Stored items
-- Opening Marker --
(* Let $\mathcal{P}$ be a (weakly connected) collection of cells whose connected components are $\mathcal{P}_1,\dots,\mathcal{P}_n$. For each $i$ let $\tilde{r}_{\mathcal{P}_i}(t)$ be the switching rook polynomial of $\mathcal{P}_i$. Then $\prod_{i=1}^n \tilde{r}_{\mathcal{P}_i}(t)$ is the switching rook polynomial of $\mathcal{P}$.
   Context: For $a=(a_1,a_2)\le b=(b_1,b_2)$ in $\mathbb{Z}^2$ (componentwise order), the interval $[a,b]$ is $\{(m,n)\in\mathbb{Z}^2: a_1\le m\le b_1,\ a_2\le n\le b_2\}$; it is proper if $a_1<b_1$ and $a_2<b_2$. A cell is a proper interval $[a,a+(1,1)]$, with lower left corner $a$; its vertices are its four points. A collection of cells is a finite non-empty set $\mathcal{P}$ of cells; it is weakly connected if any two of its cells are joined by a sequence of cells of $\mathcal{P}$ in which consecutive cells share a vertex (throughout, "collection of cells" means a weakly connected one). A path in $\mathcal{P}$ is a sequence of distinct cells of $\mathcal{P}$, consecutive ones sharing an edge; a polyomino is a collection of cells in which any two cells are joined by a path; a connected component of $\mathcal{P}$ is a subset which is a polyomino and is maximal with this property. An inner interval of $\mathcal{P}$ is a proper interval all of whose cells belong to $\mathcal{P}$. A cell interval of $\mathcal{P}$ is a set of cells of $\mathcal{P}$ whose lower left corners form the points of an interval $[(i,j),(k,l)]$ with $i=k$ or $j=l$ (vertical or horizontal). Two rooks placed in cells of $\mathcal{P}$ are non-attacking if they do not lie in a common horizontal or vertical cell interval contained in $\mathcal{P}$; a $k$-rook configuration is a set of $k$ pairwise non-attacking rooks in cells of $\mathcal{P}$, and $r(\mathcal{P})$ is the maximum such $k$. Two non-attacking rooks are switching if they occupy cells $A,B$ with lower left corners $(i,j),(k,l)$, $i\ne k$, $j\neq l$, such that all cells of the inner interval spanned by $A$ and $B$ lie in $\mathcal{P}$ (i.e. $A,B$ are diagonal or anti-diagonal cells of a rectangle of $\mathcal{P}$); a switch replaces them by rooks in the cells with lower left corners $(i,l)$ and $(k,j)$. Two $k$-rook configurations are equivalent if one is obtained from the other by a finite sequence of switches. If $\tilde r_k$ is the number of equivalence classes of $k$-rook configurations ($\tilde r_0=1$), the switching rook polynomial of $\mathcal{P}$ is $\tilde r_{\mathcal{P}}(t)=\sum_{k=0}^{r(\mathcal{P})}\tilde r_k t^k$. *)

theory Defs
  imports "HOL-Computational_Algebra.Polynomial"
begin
-- Closing Marker --
-- Opening Marker --
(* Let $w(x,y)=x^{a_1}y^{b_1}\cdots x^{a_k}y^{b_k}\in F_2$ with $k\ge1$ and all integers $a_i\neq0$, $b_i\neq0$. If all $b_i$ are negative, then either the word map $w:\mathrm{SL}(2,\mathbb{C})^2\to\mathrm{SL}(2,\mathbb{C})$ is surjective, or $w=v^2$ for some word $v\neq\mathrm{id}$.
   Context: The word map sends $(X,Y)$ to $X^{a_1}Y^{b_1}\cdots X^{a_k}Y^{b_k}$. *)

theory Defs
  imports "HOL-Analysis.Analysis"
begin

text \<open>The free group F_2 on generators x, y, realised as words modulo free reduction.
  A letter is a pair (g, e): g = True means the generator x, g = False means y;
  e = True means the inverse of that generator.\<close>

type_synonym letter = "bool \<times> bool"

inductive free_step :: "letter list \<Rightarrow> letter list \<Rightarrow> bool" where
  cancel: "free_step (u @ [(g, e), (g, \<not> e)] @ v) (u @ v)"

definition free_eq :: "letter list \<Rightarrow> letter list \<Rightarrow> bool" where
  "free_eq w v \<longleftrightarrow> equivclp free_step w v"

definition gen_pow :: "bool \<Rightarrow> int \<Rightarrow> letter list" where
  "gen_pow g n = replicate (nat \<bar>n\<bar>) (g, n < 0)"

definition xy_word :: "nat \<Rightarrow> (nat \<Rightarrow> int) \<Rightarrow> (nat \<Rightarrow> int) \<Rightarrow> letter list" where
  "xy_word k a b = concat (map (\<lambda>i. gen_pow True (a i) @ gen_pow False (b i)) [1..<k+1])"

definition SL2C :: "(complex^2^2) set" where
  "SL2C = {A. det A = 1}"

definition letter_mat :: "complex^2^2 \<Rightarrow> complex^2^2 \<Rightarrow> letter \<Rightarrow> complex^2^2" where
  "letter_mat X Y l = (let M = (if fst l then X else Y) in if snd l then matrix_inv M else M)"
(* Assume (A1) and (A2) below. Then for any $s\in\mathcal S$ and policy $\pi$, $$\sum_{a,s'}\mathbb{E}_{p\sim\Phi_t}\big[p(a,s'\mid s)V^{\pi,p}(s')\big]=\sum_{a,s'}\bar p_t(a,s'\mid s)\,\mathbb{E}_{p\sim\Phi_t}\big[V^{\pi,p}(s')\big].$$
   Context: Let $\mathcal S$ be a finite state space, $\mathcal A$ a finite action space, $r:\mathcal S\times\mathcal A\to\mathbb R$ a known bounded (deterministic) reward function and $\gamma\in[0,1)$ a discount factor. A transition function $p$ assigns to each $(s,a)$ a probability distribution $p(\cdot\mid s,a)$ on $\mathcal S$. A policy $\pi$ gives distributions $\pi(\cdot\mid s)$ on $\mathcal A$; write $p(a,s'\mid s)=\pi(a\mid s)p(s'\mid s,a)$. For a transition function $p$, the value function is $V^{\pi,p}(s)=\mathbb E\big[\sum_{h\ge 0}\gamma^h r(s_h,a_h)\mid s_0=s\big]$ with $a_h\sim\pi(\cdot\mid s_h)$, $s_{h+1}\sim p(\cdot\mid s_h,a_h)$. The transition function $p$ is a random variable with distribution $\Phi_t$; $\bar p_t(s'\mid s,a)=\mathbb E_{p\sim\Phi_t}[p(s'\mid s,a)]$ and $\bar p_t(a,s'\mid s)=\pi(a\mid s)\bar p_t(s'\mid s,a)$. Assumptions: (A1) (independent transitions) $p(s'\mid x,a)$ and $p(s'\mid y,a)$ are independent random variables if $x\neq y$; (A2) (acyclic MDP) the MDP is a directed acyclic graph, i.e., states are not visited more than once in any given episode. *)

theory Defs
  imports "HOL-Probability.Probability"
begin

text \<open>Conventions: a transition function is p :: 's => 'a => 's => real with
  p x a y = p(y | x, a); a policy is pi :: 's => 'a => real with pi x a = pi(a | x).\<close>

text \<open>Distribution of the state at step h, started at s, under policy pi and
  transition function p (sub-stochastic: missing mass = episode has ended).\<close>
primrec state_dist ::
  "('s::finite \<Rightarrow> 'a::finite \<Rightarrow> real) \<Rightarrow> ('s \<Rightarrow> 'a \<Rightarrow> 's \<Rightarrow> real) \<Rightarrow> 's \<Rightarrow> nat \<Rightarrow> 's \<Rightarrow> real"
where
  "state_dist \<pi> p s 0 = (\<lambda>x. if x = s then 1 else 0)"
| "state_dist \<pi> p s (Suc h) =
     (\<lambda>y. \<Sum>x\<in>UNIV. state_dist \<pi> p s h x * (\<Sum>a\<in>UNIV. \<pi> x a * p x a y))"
-- Closing Marker --
_EXERCISE OBJECTIVE_
Whenever the word "bool" shows up in a line of the entries above, copy that line.

_EXERCISE SOLUTION_
type_synonym letter = "bool \<times> bool"
inductive free_step :: "letter list \<Rightarrow> letter list \<Rightarrow> bool" where
definition free_eq :: "letter list \<Rightarrow> letter list \<Rightarrow> bool" where
definition gen_pow :: "bool \<Rightarrow> int \<Rightarrow> letter list" where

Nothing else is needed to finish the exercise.